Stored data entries
================================

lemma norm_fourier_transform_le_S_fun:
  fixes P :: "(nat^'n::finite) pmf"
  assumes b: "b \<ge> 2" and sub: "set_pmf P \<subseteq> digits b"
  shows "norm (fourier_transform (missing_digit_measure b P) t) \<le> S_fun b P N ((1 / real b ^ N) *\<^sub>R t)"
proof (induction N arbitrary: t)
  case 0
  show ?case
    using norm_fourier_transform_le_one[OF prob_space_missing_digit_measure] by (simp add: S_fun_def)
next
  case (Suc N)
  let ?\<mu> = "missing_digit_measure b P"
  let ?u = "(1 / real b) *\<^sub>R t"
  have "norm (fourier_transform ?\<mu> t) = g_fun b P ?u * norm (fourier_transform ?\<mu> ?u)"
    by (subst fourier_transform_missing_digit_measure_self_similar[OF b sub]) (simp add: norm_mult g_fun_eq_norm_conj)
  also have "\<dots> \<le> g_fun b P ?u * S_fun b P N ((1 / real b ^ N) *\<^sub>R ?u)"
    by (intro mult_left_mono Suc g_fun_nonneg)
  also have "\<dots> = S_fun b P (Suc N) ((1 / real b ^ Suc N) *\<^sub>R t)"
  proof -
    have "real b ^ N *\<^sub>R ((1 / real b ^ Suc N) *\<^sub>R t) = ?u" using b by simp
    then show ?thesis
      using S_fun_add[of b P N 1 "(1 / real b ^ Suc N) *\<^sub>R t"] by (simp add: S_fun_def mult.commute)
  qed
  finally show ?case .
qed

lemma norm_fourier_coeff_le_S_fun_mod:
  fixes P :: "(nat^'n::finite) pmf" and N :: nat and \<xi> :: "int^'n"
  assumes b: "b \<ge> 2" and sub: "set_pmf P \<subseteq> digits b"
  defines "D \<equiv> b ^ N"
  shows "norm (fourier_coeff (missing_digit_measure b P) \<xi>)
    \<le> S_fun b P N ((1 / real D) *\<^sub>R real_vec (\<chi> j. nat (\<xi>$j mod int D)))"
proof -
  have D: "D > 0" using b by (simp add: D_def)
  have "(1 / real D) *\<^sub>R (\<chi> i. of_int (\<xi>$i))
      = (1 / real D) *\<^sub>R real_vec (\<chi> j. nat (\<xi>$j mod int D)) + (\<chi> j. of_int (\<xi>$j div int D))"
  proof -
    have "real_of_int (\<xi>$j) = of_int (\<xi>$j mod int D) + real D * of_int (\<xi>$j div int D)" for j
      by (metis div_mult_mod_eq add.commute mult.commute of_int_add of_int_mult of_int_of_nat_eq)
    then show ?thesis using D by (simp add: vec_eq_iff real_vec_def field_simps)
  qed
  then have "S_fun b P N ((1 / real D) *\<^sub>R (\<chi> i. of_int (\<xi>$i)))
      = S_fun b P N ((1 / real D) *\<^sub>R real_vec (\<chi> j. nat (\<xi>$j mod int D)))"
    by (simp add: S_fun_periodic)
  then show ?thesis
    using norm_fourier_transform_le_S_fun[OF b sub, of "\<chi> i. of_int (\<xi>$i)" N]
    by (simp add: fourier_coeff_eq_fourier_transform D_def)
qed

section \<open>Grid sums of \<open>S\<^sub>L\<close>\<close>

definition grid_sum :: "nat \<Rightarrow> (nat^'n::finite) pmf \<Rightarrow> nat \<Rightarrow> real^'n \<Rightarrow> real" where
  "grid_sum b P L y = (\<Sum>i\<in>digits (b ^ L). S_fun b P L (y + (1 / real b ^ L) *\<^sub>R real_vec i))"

================================

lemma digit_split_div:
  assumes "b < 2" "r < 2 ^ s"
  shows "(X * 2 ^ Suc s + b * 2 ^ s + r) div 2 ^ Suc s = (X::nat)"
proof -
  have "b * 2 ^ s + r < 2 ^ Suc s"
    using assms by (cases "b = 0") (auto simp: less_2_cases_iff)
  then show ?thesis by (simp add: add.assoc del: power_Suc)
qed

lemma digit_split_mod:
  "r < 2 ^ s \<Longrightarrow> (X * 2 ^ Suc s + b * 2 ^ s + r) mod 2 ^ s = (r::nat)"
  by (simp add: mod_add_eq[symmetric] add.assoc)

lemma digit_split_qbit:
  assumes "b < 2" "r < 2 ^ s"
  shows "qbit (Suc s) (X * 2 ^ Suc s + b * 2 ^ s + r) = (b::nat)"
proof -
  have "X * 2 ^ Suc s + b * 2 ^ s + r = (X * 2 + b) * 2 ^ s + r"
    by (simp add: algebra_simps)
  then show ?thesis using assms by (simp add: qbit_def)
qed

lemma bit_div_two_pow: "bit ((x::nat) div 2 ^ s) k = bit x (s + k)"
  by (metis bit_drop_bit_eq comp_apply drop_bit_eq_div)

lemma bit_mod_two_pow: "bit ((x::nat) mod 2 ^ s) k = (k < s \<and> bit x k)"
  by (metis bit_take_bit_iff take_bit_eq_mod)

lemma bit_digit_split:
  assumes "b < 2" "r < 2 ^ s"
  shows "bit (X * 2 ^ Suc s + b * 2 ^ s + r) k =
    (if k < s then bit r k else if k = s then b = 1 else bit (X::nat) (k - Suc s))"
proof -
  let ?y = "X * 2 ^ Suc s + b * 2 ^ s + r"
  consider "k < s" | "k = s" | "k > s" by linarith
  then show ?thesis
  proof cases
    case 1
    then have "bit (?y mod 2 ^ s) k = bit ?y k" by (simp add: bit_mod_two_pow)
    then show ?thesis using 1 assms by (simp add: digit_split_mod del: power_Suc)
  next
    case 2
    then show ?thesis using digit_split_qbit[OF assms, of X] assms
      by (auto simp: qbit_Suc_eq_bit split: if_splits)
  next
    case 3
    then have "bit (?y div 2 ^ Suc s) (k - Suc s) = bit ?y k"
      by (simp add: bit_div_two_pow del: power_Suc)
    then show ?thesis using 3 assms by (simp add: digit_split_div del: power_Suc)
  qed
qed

================================

## DIRECTIONS FOR THIS TASK
When you reach the line containing "finally show ?case ." in the data above, start copying exactly, and stop after the line containing "(\<xi>$j) = of_int".

## EXERCISE OUTPUT
  finally show ?case .
qed

lemma norm_fourier_coeff_le_S_fun_mod:
  fixes P :: "(nat^'n::finite) pmf" and N :: nat and \<xi> :: "int^'n"
  assumes b: "b \<ge> 2" and sub: "set_pmf P \<subseteq> digits b"
  defines "D \<equiv> b ^ N"
  shows "norm (fourier_coeff (missing_digit_measure b P) \<xi>)
    \<le> S_fun b P N ((1 / real D) *\<^sub>R real_vec (\<chi> j. nat (\<xi>$j mod int D)))"
proof -
  have D: "D > 0" using b by (simp add: D_def)
  have "(1 / real D) *\<^sub>R (\<chi> i. of_int (\<xi>$i))
      = (1 / real D) *\<^sub>R real_vec (\<chi> j. nat (\<xi>$j mod int D)) + (\<chi> j. of_int (\<xi>$j div int D))"
  proof -
    have "real_of_int (\<xi>$j) = of_int (\<xi>$j mod int D) + real D * of_int (\<xi>$j div int D)" for j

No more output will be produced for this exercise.